*** Data for processing ***
theorem corollary4:
  fixes \<Omega> :: "'a::euclidean_space set" and \<nu> :: "'a \<Rightarrow> 'a" and u :: "'a \<Rightarrow> real"
    and xmax xmin :: 'a
  assumes "open \<Omega>" and "bounded \<Omega>" and "convex \<Omega>"
    and "smooth_boundary_with_normal \<Omega> \<nu>"
    and "visc_solution \<Omega> \<nu> (2 / diameter \<Omega>) u"
    and "\<not> (\<exists>c. \<forall>x\<in>closure \<Omega>. u x = c)"
    and "xmax \<in> closure \<Omega>" and "\<forall>x\<in>closure \<Omega>. u x \<le> u xmax"
    and "xmin \<in> closure \<Omega>" and "\<forall>x\<in>closure \<Omega>. u xmin \<le> u x"
  shows "dist xmax xmin = diameter \<Omega> \<and> xmax \<in> frontier \<Omega> \<and> xmin \<in> frontier \<Omega>"
proof -
  note geom = assms(1,3,2,4)
  obtain p where p: "p \<in> closure \<Omega>" "u p \<noteq> 0" using assms(6) by blast
  then have d: "0 < diameter \<Omega>"
    using open_diameter_pos[OF assms(1,2)] closure_empty by (metis all_not_in_conv)
  then have \<Lambda>: "0 < 2 / diameter \<Omega>" by simp
  have cont: "continuous_on (closure \<Omega>) u" and sub: "visc_subsolution \<Omega> \<nu> (2 / diameter \<Omega>) u"
    and subn: "visc_subsolution \<Omega> \<nu> (2 / diameter \<Omega>) (\<lambda>x. - u x)"
    using assms(5) supersolution_neg_subsolution by (auto simp: visc_solution_def)
  have contn: "continuous_on (closure \<Omega>) (\<lambda>x. - u x)" using cont by (intro continuous_intros)
  have M: "0 < u xmax" using subsolution_max_positive[OF geom sub cont \<Lambda> assms(8) p] .
  have m: "0 < - u xmin"
    using subsolution_max_positive[OF geom subn contn \<Lambda> _ p(1)] assms(10) p(2) by simp
  have "dist xmax xmin = diameter \<Omega>"
  proof (rule cone_bounds_diametral[OF convex_closure[OF assms(3)] assms(7,9) d])
    show "dist xmax xmin \<le> diameter \<Omega>"
      using diameter_bounded_bound[OF bounded_closure[OF assms(2)] assms(7,9)] diameter_closure[OF assms(2)]
      by simp
    show "\<forall>z\<in>closure \<Omega>. u xmax - 2 / diameter \<Omega> * u xmax * dist xmax z \<le> u z"
      using subsolution_cone_bound[OF geom sub cont less_imp_le[OF \<Lambda>] assms(7,8) M] by blast
    show "\<forall>z\<in>closure \<Omega>. - u xmin - 2 / diameter \<Omega> * - u xmin * dist xmin z \<le> - u z"
      using subsolution_cone_bound[OF geom subn contn less_imp_le[OF \<Lambda>] assms(9) _ m] assms(10) by simp
  qed (use M m in auto)
  then show ?thesis
    using diametral_point_in_frontier[OF assms(1,2) _ _ _ d] assms(7,9) by (metis dist_commute)
qed

end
***
**How to complete this task:** The string "xmax" marks the lines to copy; report each of them from the data above.

**Answer section:**
    and xmax xmin :: 'a
    and "xmax \<in> closure \<Omega>" and "\<forall>x\<in>closure \<Omega>. u x \<le> u xmax"
  shows "dist xmax xmin = diameter \<Omega> \<and> xmax \<in> frontier \<Omega> \<and> xmin \<in> frontier \<Omega>"
  have M: "0 < u xmax" using subsolution_max_positive[OF geom sub cont \<Lambda> assms(8) p] .
  have "dist xmax xmin = diameter \<Omega>"
    show "dist xmax xmin \<le> diameter \<Omega>"
    show "\<forall>z\<in>closure \<Omega>. u xmax - 2 / diameter \<Omega> * u xmax * dist xmax z \<le> u z"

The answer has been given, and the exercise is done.